18-25 percent of the Danish population carries a genetic mutation that can make them resistant or even immune to HIV. This knowledge is used to develop modern treatments for the virus.

Until now, it was unknown where, when, or why the mutation occurred. But by using advanced DNA technology, researchers have now solved this genetic mystery.

“It turns out that the variant arose in one individual who lived in an area near the Black Sea between 6,700 and 9,000 years ago,” says Professor Simon Rasmussen from the Novo Nordisk Foundation Center for Basic Metabolic Research (CBMR) at the University of Copenhagen, corresponding author of a new study mapping the mutation.
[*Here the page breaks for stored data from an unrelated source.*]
definition pseudo_double_cluster :: "(pt \<Rightarrow> real) \<Rightarrow> pt set \<Rightarrow> bool" where
  "pseudo_double_cluster N A \<longleftrightarrow> (\<exists>C c p. double_cluster N C \<and> c \<in> FT N C \<and> A = C \<union> {c, p})"

end

theory Submission
  imports Defs
begin

text \<open>
  Let x be a Fermat--Torricelli point of A on the boundary of its convex hull, zeta an outer
  normal of a supporting line at x, e a unit vector along that line and psi the norming functional
  of e.  By smoothness every x - a with a \<noteq> x has a unique norming functional J a, and
  minimality of x yields the first-order condition
  \<open>(\<Sum>a\<noteq>x. J a \<bullet> v) + [x \<in> A] N v \<ge> 0\<close> for all v.
  Since A lies on one side of the supporting line, all J a lie on the upper half (towards zeta) of
  the unit circle of the dual norm, whose endpoints are psi and -psi.

  If x \<notin> A, the J a sum to zero, hence all lie at the endpoints, equally often at each:
  A is a double cluster.  If x \<in> A, there are oddly many J a; testing the first-order condition
  at a vector normed by their median (ordered by the value at e) forces all J a above the median
  to be psi and all below it to be -psi.  These points form a double cluster with
  Fermat--Torricelli point x, and the median point is the additional point.
\<close>

section \<open>Norms on the plane\<close>

locale plane_norm =
  fixes N :: "pt \<Rightarrow> real"
  assumes is_norm: "is_norm N"
begin

lemma N_eq_0_iff [simp]: "N x = 0 \<longleftrightarrow> x = 0"
  using is_norm by (simp add: is_norm_def)

lemma N_scaleR: "N (c *\<^sub>R x) = \<bar>c\<bar> * N x"
  using is_norm by (simp add: is_norm_def)

lemma N_triangle: "N (x + y) \<le> N x + N y"
  using is_norm by (simp add: is_norm_def)

lemma N_zero [simp]: "N 0 = 0"
  by simp

lemma N_minus [simp]: "N (- x) = N x"
  using N_scaleR [of "-1" x] by simp

lemma N_nonneg: "0 \<le> N x"
  using N_triangle [of x "- x"] by simp

lemma N_pos: "x \<noteq> 0 \<Longrightarrow> 0 < N x"
  using N_nonneg [of x] by (simp add: less_le)

lemma N_triangle_diff: "N (x - y) \<le> N x + N y"
  using N_triangle [of x "- y"] by simp

lemma N_reverse_triangle: "\<bar>N x - N y\<bar> \<le> N (x - y)"
  using N_triangle [of "x - y" y] N_triangle [of "y - x" x] N_minus [of "x - y"] by simp

lemma N_le_euclidean: "N x \<le> (N (axis 1 1) + N (axis 2 1)) * norm x"
proof -
  have "x = (x$1) *\<^sub>R axis 1 1 + (x$2) *\<^sub>R axis 2 (1::real)"
    by (simp add: vec_eq_iff forall_2 axis_def)
  then have "N x \<le> \<bar>x$1\<bar> * N (axis 1 1) + \<bar>x$2\<bar> * N (axis 2 1)"
    by (metis N_scaleR N_triangle)
  also have "\<dots> \<le> norm x * N (axis 1 1) + norm x * N (axis 2 1)"
    by (intro add_mono mult_right_mono) (auto simp: N_nonneg component_le_norm_cart)
  finally show ?thesis
    by (simp add: algebra_simps)
qed

lemma tendsto_N:
  assumes "(f \<longlongrightarrow> l) F"
  shows "((\<lambda>n. N (f n)) \<longlongrightarrow> N l) F"
proof -
  have "((\<lambda>n. N (f n) - N l) \<longlongrightarrow> 0) F"
  proof (rule tendsto_0_le [where K = "N (axis 1 1) + N (axis 2 1)"])
    show "((\<lambda>n. f n - l) \<longlongrightarrow> 0) F"
      using assms by (simp add: LIM_zero)
    show "\<forall>\<^sub>F n in F. norm (N (f n) - N l) \<le> norm (f n - l) * (N (axis 1 1) + N (axis 2 1))"
      using order_trans [OF N_reverse_triangle N_le_euclidean]
      by (intro always_eventually allI) (simp add: mult.commute)
  qed
  then show ?thesis
    by (simp add: LIM_zero_iff)
qed

lemma convex_N_less: "convex {y. N y < r}"
proof (rule convexI)
  fix x y :: pt and s t :: real
  assume "x \<in> {y. N y < r}" "y \<in> {y. N y < r}" "0 \<le> s" "0 \<le> t" "s + t = 1"
  then have "s * N x + t * N y < s * r + t * r"
  proof (cases "s = 0")
    case False
    with \<open>0 \<le> s\<close> have "s * N x < s * r"
      using \<open>x \<in> {y. N y < r}\<close> by simp
    moreover have "t * N y \<le> t * r"
      using \<open>y \<in> {y. N y < r}\<close> \<open>0 \<le> t\<close> by (simp add: mult_left_mono)
    ultimately show ?thesis
      by linarith
  qed (use \<open>s + t = 1\<close> \<open>y \<in> {y. N y < r}\<close> in simp)
  then have "s * N x + t * N y < r"
    using \<open>s + t = 1\<close> by (simp add: distrib_right [symmetric])
  then show "s *\<^sub>R x + t *\<^sub>R y \<in> {y. N y < r}"
    using N_triangle [of "s *\<^sub>R x" "t *\<^sub>R y"] \<open>0 \<le> s\<close> \<open>0 \<le> t\<close> by (simp add: N_scaleR)
qed

end

section \<open>Norming functionals\<close>

text \<open>Linear functionals on the plane are represented by vectors via the inner product; g is
  norming for u if it has dual norm at most 1 and attains N u at u.\<close>

definition norming :: "(pt \<Rightarrow> real) \<Rightarrow> pt \<Rightarrow> pt \<Rightarrow> bool" where
  "norming N u g \<longleftrightarrow> (\<forall>y. g \<bullet> y \<le> N y) \<and> g \<bullet> u = N u"

context plane_norm
begin

lemma separating_inner_mult_le:
  assumes "u \<noteq> 0" and ab: "\<forall>y\<in>{y. N y < N u}. a \<bullet> y \<le> b" and "b \<le> a \<bullet> u"
  shows "(a \<bullet> y) * N u \<le> (a \<bullet> u) * N y"
proof (cases "y = 0")
  case False
  have "(N u / N y) * (a \<bullet> y) \<le> a \<bullet> u"
  proof (rule field_le_mult_one_interval)
    fix s :: real
    assume "0 < s" "s < 1"
    then have "N ((s * (N u / N y)) *\<^sub>R y) < N u"
      using False N_pos [of y] N_pos [of u] \<open>u \<noteq> 0\<close> by (simp add: N_scaleR)
    then have "s * (N u / N y) * (a \<bullet> y) \<le> b"
      using ab by (simp only: inner_scaleR_right [symmetric]) blast
    then show "s * (N u / N y * (a \<bullet> y)) \<le> a \<bullet> u"
      using \<open>b \<le> a \<bullet> u\<close> by (simp add: mult.assoc)
  qed
  then show ?thesis
    using N_pos [OF False] by (simp add: field_simps)
qed simp

lemma norming_exists: "\<exists>g. norming N u g"
proof (cases "u = 0")
  case True
  then show ?thesis
    by (auto simp: norming_def N_nonneg intro: exI [of _ 0])
next
  case False
  have "convex {y. N y < N u}"
    by (rule convex_N_less)
  moreover have "0 \<in> {y. N y < N u}"
    using N_pos [OF False] by simp
  ultimately obtain a b where a: "a \<noteq> 0" and ab: "\<forall>y\<in>{y. N y < N u}. a \<bullet> y \<le> b"
    and "\<forall>y\<in>{u}. b \<le> a \<bullet> y"
    using separating_hyperplane_sets [OF _ convex_singleton, of _ u] by blast
  then have le: "(a \<bullet> y) * N u \<le> (a \<bullet> u) * N y" for y
    using separating_inner_mult_le [OF False ab] by simp
  have "0 < a \<bullet> u"
  proof (rule ccontr)
    assume "\<not> 0 < a \<bullet> u"
    then have "(a \<bullet> a) * N u \<le> 0"
      using le [of a] N_nonneg [of a] by (meson mult_nonpos_nonneg not_less order_trans)
    then have "a \<bullet> a \<le> 0"
      using N_pos [OF \<open>u \<noteq> 0\<close>] by (simp add: mult_le_0_iff)
    then show False
      using a inner_gt_zero_iff [of a] by linarith
  qed
  then have "norming N u ((N u / (a \<bullet> u)) *\<^sub>R a)"
    using le by (simp add: norming_def field_simps)
  then show ?thesis ..
qed
(* Every CPS tensor $\mathcal{A}\in\mathbb{C}^{n\times n\times n\times n}$ can be written as \[ \mathcal{A}=\sum_{i=1}^R\alpha_i\big(p_i\otimes p_i\otimes\bar q_i\otimes\bar q_i+q_i\otimes q_i\otimes\bar p_i\otimes\bar p_i\big), \] with $\alpha_i\in\mathbb{R}$ and $p_i,q_i\in\mathbb{C}^n$ for $i=1,\dots,R$. If $\mathcal{A}$ has real entries, then the $p_i,q_i$ can be chosen in $\mathbb{R}^n$.
   Context: A tensor $\mathcal{A}\in\mathbb{C}^{n\times n\times n\times n}$ is conjugate partial-symmetric (CPS) if $\mathcal{A}_{ijkl}=\overline{\mathcal{A}_{klij}}$ and $\mathcal{A}_{ijkl}=\mathcal{A}_{jikl}=\mathcal{A}_{ijlk}$ for all indices. $(u\otimes v\otimes w\otimes z)_{ijkl}=u_iv_jw_kz_l$. *)

theory Defs
  imports "HOL-Analysis.Analysis"
begin

text \<open>Fourth-order tensors in C^(n x n x n x n) are represented as functions
  nat => nat => nat => nat => complex, only the values at indices < n matter.
  Vectors in C^n are functions nat => complex (entries at indices < n).\<close>

type_synonym tensor4 = "nat \<Rightarrow> nat \<Rightarrow> nat \<Rightarrow> nat \<Rightarrow> complex"

definition CPS :: "nat \<Rightarrow> tensor4 \<Rightarrow> bool" where
  "CPS n A \<longleftrightarrow> (\<forall>i<n. \<forall>j<n. \<forall>k<n. \<forall>l<n.
      A i j k l = cnj (A k l i j) \<and> A i j k l = A j i k l \<and> A i j k l = A i j l k)"

definition outer4 :: "(nat \<Rightarrow> complex) \<Rightarrow> (nat \<Rightarrow> complex) \<Rightarrow> (nat \<Rightarrow> complex) \<Rightarrow> (nat \<Rightarrow> complex) \<Rightarrow> tensor4" where
  "outer4 u v w z = (\<lambda>i j k l. u i * v j * w k * z l)"

definition cnjv :: "(nat \<Rightarrow> complex) \<Rightarrow> nat \<Rightarrow> complex" where
  "cnjv u = (\<lambda>i. cnj (u i))"

definition cps_decomp :: "nat \<Rightarrow> tensor4 \<Rightarrow> nat \<Rightarrow> (nat \<Rightarrow> real) \<Rightarrow> (nat \<Rightarrow> nat \<Rightarrow> complex) \<Rightarrow> (nat \<Rightarrow> nat \<Rightarrow> complex) \<Rightarrow> bool" where
  "cps_decomp n A R \<alpha> p q \<longleftrightarrow> (\<forall>i<n. \<forall>j<n. \<forall>k<n. \<forall>l<n.
      A i j k l = (\<Sum>r<R. complex_of_real (\<alpha> r) *
         (outer4 (p r) (p r) (cnjv (q r)) (cnjv (q r)) i j k l
          + outer4 (q r) (q r) (cnjv (p r)) (cnjv (p r)) i j k l)))"

end

theory Submission
  imports Defs
begin

text \<open>Write u o w for the symmetric matrix u w^T + w u^T and e_i for the unit vectors. The CPS
  symmetries give A = sum_ijkl (A_ijkl/8) (e_i o e_j) x conj(e_k o e_l) + conj(A_ijkl/8) (e_k o e_l) x conj(e_i o e_j).
  Once A_ijkl = c L^2 with c real, polarization, sum_(s = +-1) s (u + s w)(u + s w)^T = 2 (u o w),
  turns each summand into four terms of the required shape with p = L (e_i + s e_j) and q = e_k + t e_l.
  In general take L = sqrt A_ijkl; for real A take c = A_ijkl and L = 1, which keeps all vectors real.\<close>

definition cps_decomposable :: "nat \<Rightarrow> ((nat \<Rightarrow> complex) \<Rightarrow> bool) \<Rightarrow> tensor4 \<Rightarrow> bool" where
  "cps_decomposable n V A \<longleftrightarrow>
     (\<exists>R \<alpha> p q. cps_decomp n A R \<alpha> p q \<and> (\<forall>r<R. V (p r) \<and> V (q r)))"

lemma cps_decomposable_cong:
  assumes "\<And>i j k l. i < n \<Longrightarrow> j < n \<Longrightarrow> k < n \<Longrightarrow> l < n \<Longrightarrow> A i j k l = B i j k l"
    and "cps_decomposable n V A"
  shows "cps_decomposable n V B"
proof -
  obtain R \<alpha> p q where "cps_decomp n A R \<alpha> p q" and "\<forall>r<R. V (p r) \<and> V (q r)"
    using assms(2) unfolding cps_decomposable_def by blast
  moreover have "cps_decomp n B R \<alpha> p q \<longleftrightarrow> cps_decomp n A R \<alpha> p q"
    unfolding cps_decomp_def using assms(1) by simp
  ultimately show ?thesis
    unfolding cps_decomposable_def by blast
qed

lemma cps_decomposable_zero: "cps_decomposable n V (\<lambda>i j k l. 0)"
  unfolding cps_decomposable_def cps_decomp_def by (rule exI[of _ 0]) simp

lemma cps_decomposable_rank_one:
  assumes "V p" and "V q"
  shows "cps_decomposable n V (\<lambda>i j k l. complex_of_real a *
           (outer4 p p (cnjv q) (cnjv q) i j k l + outer4 q q (cnjv p) (cnjv p) i j k l))"
  unfolding cps_decomposable_def cps_decomp_def
  using assms by (intro exI[of _ 1] exI[of _ "\<lambda>_. a"] exI[of _ "\<lambda>_. p"] exI[of _ "\<lambda>_. q"]) simp

lemma sum_lessThan_add_nat:
  fixes g :: "nat \<Rightarrow> 'a::comm_monoid_add"
  shows "(\<Sum>r<m + m'. g r) = (\<Sum>r<m. g r) + (\<Sum>r<m'. g (r + m))"
proof -
  have "(\<Sum>r<m + m'. g r) = (\<Sum>r\<in>{0..<m}. g r) + (\<Sum>r\<in>{m..<m + m'}. g r)"
    by (simp add: sum.atLeastLessThan_concat atLeast0LessThan[symmetric])
  also have "(\<Sum>r\<in>{m..<m + m'}. g r) = (\<Sum>r<m'. g (r + m))"
    using sum.shift_bounds_nat_ivl[of g 0 m m'] by (simp add: atLeast0LessThan add.commute)
  finally show ?thesis by (simp add: atLeast0LessThan)
qed

lemma cps_decomposable_add:
  assumes "cps_decomposable n V A" and "cps_decomposable n V B"
  shows "cps_decomposable n V (\<lambda>i j k l. A i j k l + B i j k l)"
proof -
  obtain R \<alpha> p q where A: "cps_decomp n A R \<alpha> p q" and VA: "\<forall>r<R. V (p r) \<and> V (q r)"
    using assms(1) unfolding cps_decomposable_def by blast
  obtain R' \<beta> p' q' where B: "cps_decomp n B R' \<beta> p' q'" and VB: "\<forall>r<R'. V (p' r) \<and> V (q' r)"
    using assms(2) unfolding cps_decomposable_def by blast
  define \<alpha>' where "\<alpha>' r = (if r < R then \<alpha> r else \<beta> (r - R))" for r
  define p'' where "p'' r = (if r < R then p r else p' (r - R))" for r
  define q'' where "q'' r = (if r < R then q r else q' (r - R))" for r
  have "cps_decomp n (\<lambda>i j k l. A i j k l + B i j k l) (R + R') \<alpha>' p'' q''"
    using A B unfolding cps_decomp_def by (simp add: sum_lessThan_add_nat \<alpha>'_def p''_def q''_def)
  moreover have "\<forall>r<R + R'. V (p'' r) \<and> V (q'' r)"
    using VA VB by (auto simp: p''_def q''_def)
  ultimately show ?thesis
    unfolding cps_decomposable_def by blast
qed

lemma cps_decomposable_sum:
  assumes "finite X" and "\<And>x. x \<in> X \<Longrightarrow> cps_decomposable n V (T x)"
  shows "cps_decomposable n V (\<lambda>i j k l. \<Sum>x\<in>X. T x i j k l)"
  using assms by (induction X rule: finite_induct)
    (simp_all add: cps_decomposable_zero cps_decomposable_add)

definition sym_prod :: "(nat \<Rightarrow> complex) \<Rightarrow> (nat \<Rightarrow> complex) \<Rightarrow> nat \<Rightarrow> nat \<Rightarrow> complex" where
  "sym_prod u w i j = u i * w j + w i * u j"

definition cps_elem ::
    "complex \<Rightarrow> (nat \<Rightarrow> complex) \<Rightarrow> (nat \<Rightarrow> complex) \<Rightarrow> (nat \<Rightarrow> complex) \<Rightarrow> (nat \<Rightarrow> complex) \<Rightarrow> tensor4"
  where
  "cps_elem z u w x y = (\<lambda>i j k l. z * sym_prod u w i j * cnj (sym_prod x y k l)
                                  + cnj z * sym_prod x y i j * cnj (sym_prod u w k l))"

lemma cps_decomposable_cps_elem:
  assumes z: "z = complex_of_real c * L\<^sup>2"
    and VP: "\<And>s. s \<in> {1, -1} \<Longrightarrow> V (\<lambda>m. L * (u m + of_real s * w m))"
    and VQ: "\<And>t. t \<in> {1, -1} \<Longrightarrow> V (\<lambda>m. x m + of_real t * y m)"
  shows "cps_decomposable n V (cps_elem z u w x y)"
proof -
  define P where "P s = (\<lambda>m. L * (u m + of_real s * w m))" for s
  define Q where "Q t = (\<lambda>m. x m + of_real t * y m)" for t
  have "cps_decomposable n V (\<lambda>i j k l. \<Sum>s\<in>{1, -1}. \<Sum>t\<in>{1, -1}. complex_of_real (c * s * t / 4) *
          (outer4 (P s) (P s) (cnjv (Q t)) (cnjv (Q t)) i j k l
           + outer4 (Q t) (Q t) (cnjv (P s)) (cnjv (P s)) i j k l))"
    using VP VQ by (intro cps_decomposable_sum cps_decomposable_rank_one) (auto simp: P_def Q_def)
  then show ?thesis
    by (rule cps_decomposable_cong[rotated])
      (simp add: z P_def Q_def cps_elem_def sym_prod_def outer4_def cnjv_def algebra_simps power2_eq_square)
qed

definition unit_vec :: "nat \<Rightarrow> nat \<Rightarrow> complex" where
  "unit_vec a m = (if m = a then 1 else 0)"

lemma cnj_sym_prod_unit_vec [simp]:
  "cnj (sym_prod (unit_vec i) (unit_vec j) a b) = sym_prod (unit_vec i) (unit_vec j) a b"
  by (simp add: sym_prod_def unit_vec_def)

lemma sum2_sym_prod_unit_vec:
  assumes "a < n" and "b < n"
  shows "(\<Sum>i<n. \<Sum>j<n. f i j * sym_prod (unit_vec i) (unit_vec j) a b) = f a b + f b a"
proof -
  have "(\<Sum>j<n. f i j * sym_prod (unit_vec i) (unit_vec j) a b)
      = (if i = a then f a b else 0) + (if i = b then f b a else 0)" for i
  proof -
    have "f i j * sym_prod (unit_vec i) (unit_vec j) a b
        = (if j = b then if i = a then f a b else 0 else 0) + (if j = a then if i = b then f b a else 0 else 0)"
      for j
      by (simp add: sym_prod_def unit_vec_def)
    then show ?thesis
      using assms by (simp add: sum.distrib sum.delta)
  qed
  then show ?thesis
    using assms by (simp add: sum.distrib sum.delta)
qed

lemma sum4_sym_prod_unit_vec:
  assumes "a < n" and "b < n" and "c < n" and "d < n"
  shows "(\<Sum>i<n. \<Sum>j<n. \<Sum>k<n. \<Sum>l<n. f i j k l * sym_prod (unit_vec i) (unit_vec j) a b
             * sym_prod (unit_vec k) (unit_vec l) c d)
       = f a b c d + f a b d c + f b a c d + f b a d c"
proof -
  have "(\<Sum>k<n. \<Sum>l<n. f i j k l * sym_prod (unit_vec i) (unit_vec j) a b * sym_prod (unit_vec k) (unit_vec l) c d)
      = (f i j c d + f i j d c) * sym_prod (unit_vec i) (unit_vec j) a b" for i j
    using sum2_sym_prod_unit_vec[OF assms(3,4), of "\<lambda>k l. f i j k l * sym_prod (unit_vec i) (unit_vec j) a b"]
    by (simp add: algebra_simps)
  then show ?thesis
    using sum2_sym_prod_unit_vec[OF assms(1,2), of "\<lambda>i j. f i j c d + f i j d c"] by simp
qed

lemma CPS_eq_sum_cps_elem:
  assumes "CPS n A" and "i0 < n" and "j0 < n" and "k0 < n" and "l0 < n"
  shows "A i0 j0 k0 l0 = (\<Sum>i<n. \<Sum>j<n. \<Sum>k<n. \<Sum>l<n.
      cps_elem (A i j k l / 8) (unit_vec i) (unit_vec j) (unit_vec k) (unit_vec l) i0 j0 k0 l0)"
    (is "_ = ?rhs")
proof -
  have sym: "A i0 j0 l0 k0 = A i0 j0 k0 l0" "A j0 i0 k0 l0 = A i0 j0 k0 l0" "A j0 i0 l0 k0 = A i0 j0 k0 l0"
    using assms unfolding CPS_def by metis+
  have herm: "cnj (A k0 l0 i0 j0) = A i0 j0 k0 l0" "cnj (A k0 l0 j0 i0) = A i0 j0 k0 l0"
      "cnj (A l0 k0 i0 j0) = A i0 j0 k0 l0" "cnj (A l0 k0 j0 i0) = A i0 j0 k0 l0"
    using assms unfolding CPS_def by metis+
  have "?rhs = (\<Sum>i<n. \<Sum>j<n. \<Sum>k<n. \<Sum>l<n. A i j k l / 8 * sym_prod (unit_vec i) (unit_vec j) i0 j0
                  * sym_prod (unit_vec k) (unit_vec l) k0 l0)
             + (\<Sum>i<n. \<Sum>j<n. \<Sum>k<n. \<Sum>l<n. cnj (A i j k l) / 8 * sym_prod (unit_vec i) (unit_vec j) k0 l0
                  * sym_prod (unit_vec k) (unit_vec l) i0 j0)"
    by (simp add: cps_elem_def sum.distrib algebra_simps)
  also have "\<dots> = (A i0 j0 k0 l0 + A i0 j0 l0 k0 + A j0 i0 k0 l0 + A j0 i0 l0 k0) / 8
      + (cnj (A k0 l0 i0 j0) + cnj (A k0 l0 j0 i0) + cnj (A l0 k0 i0 j0) + cnj (A l0 k0 j0 i0)) / 8"
    using sum4_sym_prod_unit_vec[OF assms(2-5), of "\<lambda>i j k l. A i j k l / 8"]
      sum4_sym_prod_unit_vec[OF assms(4,5,2,3), of "\<lambda>i j k l. cnj (A i j k l) / 8"]
    by (simp add: add_divide_distrib)
  also have "\<dots> = A i0 j0 k0 l0"
    unfolding sym herm by simp
  finally show ?thesis ..
qed

lemma CPS_imp_cps_decomposable:
  assumes "CPS n A"
    and real_vec: "\<And>v. (\<forall>m. v m \<in> \<real>) \<Longrightarrow> V v"
    and factor: "\<And>i j k l. i < n \<Longrightarrow> j < n \<Longrightarrow> k < n \<Longrightarrow> l < n \<Longrightarrow>
       \<exists>c L. A i j k l = complex_of_real c * L\<^sup>2 \<and> (\<forall>v. (\<forall>m. v m \<in> \<real>) \<longrightarrow> V (\<lambda>m. L * v m))"
  shows "cps_decomposable n V A"
proof -
  have "cps_decomposable n V (\<lambda>i0 j0 k0 l0. \<Sum>i<n. \<Sum>j<n. \<Sum>k<n. \<Sum>l<n.
          cps_elem (A i j k l / 8) (unit_vec i) (unit_vec j) (unit_vec k) (unit_vec l) i0 j0 k0 l0)"
  proof (intro cps_decomposable_sum finite_lessThan)
    fix i j k l
    assume "i \<in> {..<n}" "j \<in> {..<n}" "k \<in> {..<n}" "l \<in> {..<n}"
    then obtain c L where "A i j k l = complex_of_real c * L\<^sup>2"
      and VL: "\<forall>v. (\<forall>m. v m \<in> \<real>) \<longrightarrow> V (\<lambda>m. L * v m)"
      using factor by blast
    then have "A i j k l / 8 = complex_of_real (c / 8) * L\<^sup>2"
      by simp
    then show "cps_decomposable n V (cps_elem (A i j k l / 8) (unit_vec i) (unit_vec j) (unit_vec k) (unit_vec l))"
      by (rule cps_decomposable_cps_elem) (use VL real_vec in \<open>auto simp: unit_vec_def\<close>)
  qed
  then show ?thesis
    by (rule cps_decomposable_cong[rotated]) (simp add: CPS_eq_sum_cps_elem[OF assms(1)])
qed

theorem corollary4p3:
  fixes n :: nat and A :: tensor4
  assumes "CPS n A"
  shows "(\<exists>R \<alpha> p q. cps_decomp n A R \<alpha> p q)
       \<and> ((\<forall>i<n. \<forall>j<n. \<forall>k<n. \<forall>l<n. A i j k l \<in> \<real>) \<longrightarrow>
            (\<exists>R \<alpha> p q. cps_decomp n A R \<alpha> p q \<and>
               (\<forall>r<R. \<forall>i<n. p r i \<in> \<real> \<and> q r i \<in> \<real>)))"
proof (intro conjI impI)
  have "\<exists>c L. A i j k l = complex_of_real c * L\<^sup>2 \<and> (\<forall>v. (\<forall>m. v m \<in> \<real>) \<longrightarrow> True)" for i j k l
    by (intro exI[of _ 1] exI[of _ "csqrt (A i j k l)"]) simp
  then have "cps_decomposable n (\<lambda>_. True) A"
    using assms by (intro CPS_imp_cps_decomposable) simp_all
  then show "\<exists>R \<alpha> p q. cps_decomp n A R \<alpha> p q"
    unfolding cps_decomposable_def by blast
next
  assume real: "\<forall>i<n. \<forall>j<n. \<forall>k<n. \<forall>l<n. A i j k l \<in> \<real>"
  have "\<exists>c L. A i j k l = complex_of_real c * L\<^sup>2 \<and>
          (\<forall>v. (\<forall>m. v m \<in> \<real>) \<longrightarrow> (\<forall>m<n. L * v m \<in> \<real>))"
    if "i < n" "j < n" "k < n" "l < n" for i j k l
    using real that by (intro exI[of _ "Re (A i j k l)"] exI[of _ 1]) simp
  then have "cps_decomposable n (\<lambda>v. \<forall>i<n. v i \<in> \<real>) A"
    using assms by (intro CPS_imp_cps_decomposable) simp_all
  then show "\<exists>R \<alpha> p q. cps_decomp n A R \<alpha> p q \<and> (\<forall>r<R. \<forall>i<n. p r i \<in> \<real> \<and> q r i \<in> \<real>)"
    unfolding cps_decomposable_def by blast
qed

end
He adds:

“HIV is a relatively new disease – less than 100 years old – so it’s almost coincidental and very fascinating that a genetic variation that arose thousands of years ago also protects against a modern virus like HIV.”

Analyzed 900 skeletons

To determine where and when the mutation arose, researchers first mapped it by analyzing the genetic material of 2,000 living people worldwide. They then developed a new AI-based method to identify the mutation in ancient DNA from old bones.

The researchers examined data from over 900 skeletons dating from the early Stone Age to the Viking Age.

“By looking at this large dataset, we can determine where and when the mutation arose. For a period, the mutation is completely absent, but then it suddenly appears and spreads incredibly quickly. When we combine this with our knowledge of human migration at the time, we can also pinpoint the region where the mutation originated,” explains first author Kirstine Ravn, senior researcher at CBMR.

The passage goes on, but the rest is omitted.